A variety of Greek letters are used in describing characteristics of options. It is important to understand these terms when trading options. Below you will find some definitions of the most important Greeks.


Delta

Delta is by far the most important Greek term used in the options arena. Simply put, Delta is a measure of the price-change relationship between an option and the underlying futures.

When trading outright futures, the Delta is very simply the number of futures you are long or short. For example, if you are long 5 gold futures contracts, the Delta of your position is +5, which means that if gold goes up 2 points, you simply multiply 5 x 2 = 10 to realize that your position has increased in value by 10 points.

When trading options or a combination of options and futures, an understanding of Delta and how it is calculated becomes important.

Let us first take a look at how the Delta is calculated for one particular option. The Delta of an option is a positive or negative number between 0 and 1.

An at the money option always has a Delta of .5 or -.5. For instance, if the price of gold is $600, and you buy one 600 call option, the Delta on that option is .5. This means that if gold goes up $10, the value of the option should increase by 10 x .5 = $5.

A deep in the money option has a Delta that approaches 1 or 1. This means that a deep in the money option acts very similarly to a futures contract. For instance, if the price of gold is $600, and you own a $500 call that is deep in the money, the Delta on that call might be .95. Therefore if gold goes up $10, you might expect the option to increase by $9.50.

A deep out of the money option has a Delta that approaches 0. This means that a movement in the underlying futures contact might have little effect on the option's value. For instance, if gold is $600, and you own a $700 call, the Delta on that call might be .05. Therefore if gold goes up $10, you might expect the option to increase by only $.50.
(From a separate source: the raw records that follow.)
lemma ux'_deriv: "(ux' has_real_derivative ux'' s) (at s)"
  unfolding ux'_def[abs_def]
proof (rule DERIV_divide[OF _ sqrt_D_deriv, THEN DERIV_cong])
  show "((\<lambda>s. B * sin (H * s)) has_real_derivative B*H * cos (H * s)) (at s)"
    by (auto intro!: derivative_eq_intros)
  show "sqrt (D s) \<noteq> 0" using sqrt_D_pos[of s] by simp
  show "(B*H * cos (H * s) * sqrt (D s) - B * sin (H * s) * (B*H * sin (H * s) / sqrt (D s)))
      / (sqrt (D s) * sqrt (D s)) = ux'' s"
    using sqrt_D_pos[of s] by (simp add: ux''_def divide_simps)
      (use sqrt_D_sq_expand[of s] sin_squared_eq[of "H * s"] in algebra)
qed

lemma uz'_deriv: "(uz' has_real_derivative uz'' s) (at s)"
  unfolding uz'_def[abs_def]
proof (rule DERIV_divide[OF _ sqrt_D_deriv, THEN DERIV_cong])
  show "((\<lambda>s. 1 - B * cos (H * s)) has_real_derivative B*H * sin (H * s)) (at s)"
    by (auto intro!: derivative_eq_intros)
  show "sqrt (D s) \<noteq> 0" using sqrt_D_pos[of s] by simp
  show "(B*H * sin (H * s) * sqrt (D s) - (1 - B * cos (H * s)) * (B*H * sin (H * s) / sqrt (D s)))
      / (sqrt (D s) * sqrt (D s)) = uz'' s"
    using sqrt_D_pos[of s] by (simp add: uz''_def divide_simps)
      (use sqrt_D_sq_expand[of s] in algebra)
qed

lemma uz'_pos: "uz' s > 0"
  using B_cos_le[of s] B_less_1 sqrt_D_pos[of s] by (simp add: uz'_def)

lemma continuous_uz_integrand: "continuous_on UNIV (uz_integrand B H)"
proof -
  have "1 + B^2 + 2*B * sin (H * t) \<ge> (1 - B)^2" for t
    using mult_left_mono[OF sin_ge_minus_one, of B "H * t"] B_pos
    by (simp add: power2_eq_square algebra_simps)
  moreover have "(1 - B)^2 > 0" using B_less_1 by simp
  ultimately have "1 + B^2 + 2*B * sin (H * t) > 0" for t
    by (meson less_le_trans)
  then show ?thesis
    unfolding uz_integrand_def[abs_def] by (intro continuous_intros) (auto simp: less_imp_neq[symmetric])
qed

lemma uz_integrand_shift: "uz_integrand B H (s + 3*pi/(2*H)) = uz' s"
proof -
  have "H * (s + 3*pi/(2*H)) = H * s + 3*pi/2" using H_pos by (simp add: field_simps)
  then show ?thesis by (simp add: uz_integrand_def uz'_def D_def sin_add_3pi_half)
qed

lemma uz_deriv: "(uz B H has_real_derivative uz' s) (at s)"
  using oriented_integral_has_real_derivative[OF continuous_uz_integrand, of "3*pi/(2*H)" s]
  by (simp add: uz_def[abs_def] Let_def uz_integrand_shift)

lemma unit_speed: "(ux' s)^2 + (uz' s)^2 = 1"
  using sqrt_D_pos[of s]
  by (simp add: ux'_def uz'_def power_divide divide_simps)
    (use D_def[of s] sin_squared_eq[of "H * s"] in algebra)

sublocale profile: unit_speed_profile "ux B H" "uz B H" ux' uz' ux'' uz''
  by unfold_locales (use ux_deriv uz_deriv ux'_deriv uz'_deriv unit_speed ux_pos in auto)

lemma meridian_curvature_eq: "profile.meridian_curvature s = B*H * (B - cos (H * s)) / D s"
  using sqrt_D_pos[of s] D_pos[of s]
  by (simp add: profile.meridian_curvature_def ux'_def uz'_def ux''_def uz''_def divide_simps)
    (use D_def[of s] sin_squared_eq[of "H * s"] in algebra)

lemma parallel_curvature_eq: "profile.parallel_curvature s = H * (1 - B * cos (H * s)) / D s"
  using sqrt_D_pos[of s] H_pos sqrt_D_sq[of s]
  by (simp add: profile.parallel_curvature_def uz'_def ux_eq field_simps)

lemma mean_curv_unduloid: "mean_curv (rot_surf (ux B H) (uz B H)) (rot_normal (ux B H) (uz B H)) p = H"
proof (cases p)
  case (Pair s t)
  have "B*H * (B - cos (H * s)) + H * (1 - B * cos (H * s)) = H * D s"
    by (simp add: D_def algebra_simps power2_eq_square)
  then show ?thesis
    using D_pos[of s] by (simp add: Pair profile.mean_curv_rot_surf meridian_curvature_eq
        parallel_curvature_eq add_divide_distrib[symmetric])
qed

lemma Phi_sq_unduloid:
  "Phi_sq (rot_surf (ux B H) (uz B H)) (rot_normal (ux B H) (uz B H)) (s,t)
     = (H * (1 - B^2) / D s)^2 / 2"
proof -
  have "B*H * (B - cos (H * s)) - H * (1 - B * cos (H * s)) = - (H * (1 - B^2))"
    by (simp add: algebra_simps power2_eq_square)
  then show ?thesis
    by (simp add: profile.Phi_sq_rot_surf meridian_curvature_eq parallel_curvature_eq
        diff_divide_distrib[symmetric])
qed

lemma ux_even: "ux B H (- s) = ux B H s"
  by (simp add: ux_eq D_def)

lemma ux'_odd: "ux' (- s) = - ux' s"
  by (simp add: ux'_def D_def)

lemma uz'_even: "uz' (- s) = uz' s"
  by (simp add: uz'_def D_def)

lemma uz_0: "uz B H 0 = 0"
  by (simp add: uz_def)

lemma uz_odd: "uz B H (- s) = - uz B H s"
proof -
  have "((\<lambda>r. uz B H r + uz B H (- r)) has_real_derivative 0) (at r)" for r
    using DERIV_add[OF uz_deriv DERIV_chain2[OF uz_deriv DERIV_minus[OF DERIV_ident]]]
    by (simp add: uz'_even)
  from DERIV_isconst_all[of "\<lambda>r. uz B H r + uz B H (- r)" s 0, OF allI[OF this]]
  show ?thesis by (simp add: uz_0)
qed

lemma strict_mono_uz: "strict_mono (uz B H)"
  by (rule strict_monoI, rule DERIV_pos_imp_increasing) (use uz_deriv uz'_pos in blast)+

lemma uz_pos: "s > 0 \<Longrightarrow> uz B H s > 0"
  using strict_monoD[OF strict_mono_uz, of 0 s] by (simp add: uz_0)

lemma support_even: "profile.support (- s) = profile.support s"
  by (simp add: profile.support_def ux_even uz'_even ux'_odd uz_odd)

lemma ug_eq_support: "ug B H s = profile.support s / uz' s"
  using uz'_pos[of s]
  by (simp add: ug_def profile.support_def DERIV_imp_deriv[OF ux_deriv] DERIV_imp_deriv[OF uz_deriv]
      field_simps)

lemma arccos_B: "0 < arccos B" "arccos B < pi" "cos (arccos B) = B"
  using arccos_lt_bounded[of B] B_pos B_less_1 by auto

lemma sin_cos_before_arccos:
  assumes "0 < s" "s \<le> arccos B / H"
  shows "sin (H * s) > 0" "B \<le> cos (H * s)" "s < arccos B / H \<Longrightarrow> B < cos (H * s)"
proof -
  have Hs: "0 < H * s" "H * s \<le> arccos B" using assms H_pos by (auto simp: field_simps)
  then show "sin (H * s) > 0" using arccos_B by (intro sin_gt_zero) auto
  show "B \<le> cos (H * s)" using cos_monotone_0_pi_le[of "H * s" "arccos B"] Hs arccos_B by simp
  assume "s < arccos B / H"
  then have "H * s < arccos B" using H_pos by (simp add: field_simps)
  then show "B < cos (H * s)" using cos_monotone_0_pi[of "H * s" "arccos B"] Hs arccos_B by simp
qed

lemma support_deriv_neg:
  assumes "0 < s" "s < arccos B / H"
  shows "ux B H s * uz'' s - ux'' s * uz B H s < 0"
proof -
  have arc: "sin (H * s) > 0" "B < cos (H * s)"
    using sin_cos_before_arccos[OF assms(1) less_imp_le[OF assms(2)]] assms(2) by auto
  have "B * cos (H * s) < 1" using B_cos_le B_less_1 by (rule order.strict_trans1)
  have "uz'' s < 0"
    using arc B_pos H_pos D_pos[of s] sqrt_D_pos[of s]
    unfolding uz''_def by (intro divide_neg_pos mult_pos_neg mult_pos_pos) auto
  with ux_pos[of s] have "ux B H s * uz'' s < 0" by (rule mult_pos_neg)
  have "ux'' s > 0"
    using arc \<open>B * cos (H * s) < 1\<close> B_pos H_pos D_pos[of s] sqrt_D_pos[of s]
    unfolding ux''_def by (intro divide_pos_pos mult_pos_pos) auto
  then have "ux'' s * uz B H s > 0" using uz_pos[OF assms(1)] by (rule mult_pos_pos)
  with \<open>ux B H s * uz'' s < 0\<close> show ?thesis by linarith
qed

lemma support_strict_antimono:
  assumes "0 \<le> a" "a < b" "b \<le> arccos B / H"
  shows "profile.support b < profile.support a"
proof (rule DERIV_neg_imp_decreasing_open[OF assms(2) _ profile.continuous_on_support])
  fix s assume "a < s" "s < b"
  with assms have "0 < s" "s < arccos B / H" by auto
  then show "\<exists>y. (profile.support has_real_derivative y) (at s) \<and> y < 0"
    using profile.support_deriv support_deriv_neg by blast
qed

lemma radius_sq_strict_mono:
  assumes "0 \<le> a" "a < b" "b \<le> arccos B / H"
  shows "(ux B H a)^2 + (uz B H a)^2 < (ux B H b)^2 + (uz B H b)^2"
proof (rule DERIV_pos_imp_increasing_open[OF assms(2) _ profile.continuous_on_radius_sq])
  fix s assume "a < s" "s < b"
  with assms have s: "0 < s" "s < arccos B / H" by auto
  have "ux' s > 0"
    using sin_cos_before_arccos(1)[OF s(1) less_imp_le[OF s(2)]] B_pos sqrt_D_pos[of s] by (simp add: ux'_def)
  then have "2 * (ux B H s * ux' s + uz B H s * uz' s) > 0"
    using ux_pos[of s] uz_pos[OF s(1)] uz'_pos[of s] by (simp add: add_pos_pos)
  then show "\<exists>y. ((\<lambda>s. (ux B H s)^2 + (uz B H s)^2) has_real_derivative y) (at s) \<and> 0 < y"
    using profile.radius_sq_deriv by blast
qed

lemma support_0: "profile.support 0 = (1 - B) / H"
proof -
  have "D 0 = (1 - B)^2" by (simp add: D_def power2_eq_square algebra_simps)
  then have "sqrt (D 0) = 1 - B" using B_less_1 by simp
  then show ?thesis
    using B_less_1 H_pos by (simp add: profile.support_def ux_eq uz'_def uz_0)
qed

lemma support_at_arccos:
  "profile.support (arccos B / H) = (1 - B^2) / H - B * uz B H (arccos B / H)"
proof -
  define s0 where "s0 = arccos B / H"
  define r where "r = sqrt (1 - B^2)"
  have r: "r > 0" "r * r = 1 - B^2"
    using B_pos B_less_1 by (simp_all add: r_def abs_square_less_1 abs_square_le_1 less_imp_le)
  have "H * s0 = arccos B" using H_pos by (simp add: s0_def)
  then have cs: "cos (H * s0) = B" "sin (H * s0) = r"
    using arccos_B B_pos B_less_1 by (simp_all add: r_def sin_arccos)
  then have "sqrt (D s0) = r" by (simp add: D_def r_def power2_eq_square)
  then have "ux B H s0 = r / H" "uz' s0 = r" "ux' s0 = B"
    using r unfolding ux_eq uz'_def ux'_def cs by (simp_all add: field_simps power2_eq_square)
  then show ?thesis
    using r H_pos by (simp add: profile.support_def s0_def[symmetric])
qed

lemma support_pos_iff:
  "profile.support (arccos B / H) > 0 \<longleftrightarrow> uz B H (arccos B / H) < (1 - B^2) / (H * B)"
  using B_pos H_pos by (simp add: support_at_arccos field_simps)

lemma ug_pos_before_arccos:
  assumes "uz B H (arccos B / H) < (1 - B^2) / (H * B)" "0 < s" "s < arccos B / H"
  shows "ug B H s > 0"
proof -
  have "0 < profile.support (arccos B / H)" using assms(1) support_pos_iff by simp
  also have "\<dots> < profile.support s" using assms(2,3) by (intro support_strict_antimono) auto
  finally show ?thesis using uz'_pos[of s] by (simp add: ug_eq_support)
qed

lemma support_zero_exists:
  assumes "uz B H (arccos B / H) \<ge> (1 - B^2) / (H * B)"
  shows "\<exists>sb\<in>{0<..arccos B / H}. profile.support sb = 0"
proof -
  have "profile.support (arccos B / H) \<le> 0" using assms support_pos_iff by simp
  moreover have "profile.support 0 > 0" using B_less_1 H_pos by (simp add: support_0)
  moreover have "0 \<le> arccos B / H" using arccos_B H_pos by simp
  ultimately obtain sb where "0 \<le> sb" "sb \<le> arccos B / H" "profile.support sb = 0"
    using IVT2'[of profile.support "arccos B / H" 0 0, OF _ _ _ profile.continuous_on_support]
    by auto
  moreover from this have "sb \<noteq> 0" using \<open>profile.support 0 > 0\<close> by auto
  ultimately show ?thesis by auto
qed

lemma support_bounds:
  assumes "sb \<le> arccos B / H" "profile.support sb = 0" "\<bar>s\<bar> \<le> sb"
  shows "0 \<le> profile.support s" "profile.support s \<le> (1 - B) / H"
proof -
  have even: "profile.support s = profile.support \<bar>s\<bar>"
    by (cases "0 \<le> s") (simp_all add: support_even)
  have antimono: "profile.support b \<le> profile.support a" if "0 \<le> a" "a \<le> b" "b \<le> sb" for a b
    using support_strict_antimono[of a b] that assms(1) by (cases "a = b") auto
  show "0 \<le> profile.support s" using antimono[of "\<bar>s\<bar>" sb] assms by (simp add: even)
  show "profile.support s \<le> (1 - B) / H" using antimono[of 0 "\<bar>s\<bar>"] assms by (simp add: even support_0)
qed

lemma free_boundary_annulus:
  assumes "0 < sb" "sb \<le> arccos B / H" "profile.support sb = 0"
  shows "free_boundary_CMC_annulus (rot_surf (ux B H) (uz B H)) (rot_normal (ux B H) (uz B H)) H
           (- sb) sb (sqrt ((ux B H sb)^2 + (uz B H sb)^2))"
  unfolding free_boundary_CMC_annulus_def
proof (intro conjI ballI allI)
  show "- sb < sb" "sqrt ((ux B H sb)^2 + (uz B H sb)^2) > 0"
    using assms(1) ux_pos[of sb] by (auto intro: add_pos_nonneg)
  show "inj_on (rot_surf (ux B H) (uz B H)) ({- sb..sb} \<times> {0..<2 * pi})"
    using strict_mono_uz by (intro profile.inj_on_rot_surf strict_mono_imp_inj_on)
  fix s t
  show "rot_surf (ux B H) (uz B H) (s, t + 2*pi) = rot_surf (ux B H) (uz B H) (s, t)"
    by (rule rot_surf_periodic)
  show "C2_at (rot_surf (ux B H) (uz B H)) (s, t)" by (rule profile.C2_at_rot_surf)
  show "cross3 (dS (rot_surf (ux B H) (uz B H)) (s, t)) (dT (rot_surf (ux B H) (uz B H)) (s, t)) \<noteq> 0"
    by (rule profile.cross3_rot_surf_nonzero)
  show "norm (rot_normal (ux B H) (uz B H) (s, t)) = 1" by (rule profile.norm_rot_normal)
  show "rot_normal (ux B H) (uz B H) (s, t) \<bullet> dS (rot_surf (ux B H) (uz B H)) (s, t) = 0"
    "rot_normal (ux B H) (uz B H) (s, t) \<bullet> dT (rot_surf (ux B H) (uz B H)) (s, t) = 0"
    by (rule profile.rot_normal_orthogonal)+
  show "mean_curv (rot_surf (ux B H) (uz B H)) (rot_normal (ux B H) (uz B H)) (s, t) = H"
    by (rule mean_curv_unduloid)
next
  fix s t assume "s \<in> {- sb<..<sb}"
  then have "(ux B H \<bar>s\<bar>)^2 + (uz B H \<bar>s\<bar>)^2 < (ux B H sb)^2 + (uz B H sb)^2"
    using assms(2) by (intro radius_sq_strict_mono) auto
  moreover have "(ux B H \<bar>s\<bar>)^2 + (uz B H \<bar>s\<bar>)^2 = (ux B H s)^2 + (uz B H s)^2"
    by (cases "0 \<le> s") (simp_all add: ux_even uz_odd)
  ultimately show "norm (rot_surf (ux B H) (uz B H) (s, t)) < sqrt ((ux B H sb)^2 + (uz B H sb)^2)"
    by (simp add: profile.norm_rot_surf)
next
  fix s t assume "s \<in> {- sb, sb}"
  then show "norm (rot_surf (ux B H) (uz B H) (s, t)) = sqrt ((ux B H sb)^2 + (uz B H sb)^2)"
    "rot_surf (ux B H) (uz B H) (s, t) \<bullet> rot_normal (ux B H) (uz B H) (s, t) = 0"
    using assms(3) by (auto simp: profile.norm_rot_surf profile.inner_rot_surf_rot_normal
        ux_even uz_odd support_even)
qed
For practical use, when one has a position in a particular market that combines futures with long and short puts and calls, it is important to know the Delta of the overall position in order to understand how a movement in the underlying futures will affect one's profit or loss on the position.


Gamma

Gamma is the rate at which an option's Delta changes as the underlying future price changes. Gamma is calculated by dividing the change in Delta by the change in the underlying futures price. It measures the change in Delta caused by the change in the underlying futures price. Options that are very deep in the money or very deep out of the money will tend to have lower Gammas than options that are near the money.


Rho

Rho indicates the sensitivity of an option’s price to changes in interest rates. Rho is the expected change in an option’s theoretical value for a one percent change in interest rates. When interest rates change, call and put values can be positively or negatively affected. Higher interest rates have a positive effect on the value of calls and a negative effect on the value of puts. Calls have positive rho, and puts have negative rho. For example, a call with a rho of +0.09 will gain $0.09 with each one-percentage-point rise in interest rates and fall $0.09 with each one-point fall in interest rates. A put with a rho of -0.09 will lose $0.09 with each one-point rise in interest rates and gain $0.09 in value with a one-point fall in interest rates. Also, because the effect of interest is greater over a greater time period, the longer the time to expiration, the larger value (positive or negative) rho will have.


Theta

Theta is the Greek letter used to measure the change in an option's premium caused by the passing of time. Theta measures the rate of time value decay, and it accelerates as the option's expiration date nears.


Vega

Vega measures the rate of change of an option's premium for an equivalent change in volatility in percentage terms. In other words, Vega tells you how much an option's value changes given a 1% change in volatility. If implied volatility falls by 1%, then Vega is the percentage drop in an option's premium value. The formula to compute Vega is the percentage change in premium divided by the percentage change in volatility.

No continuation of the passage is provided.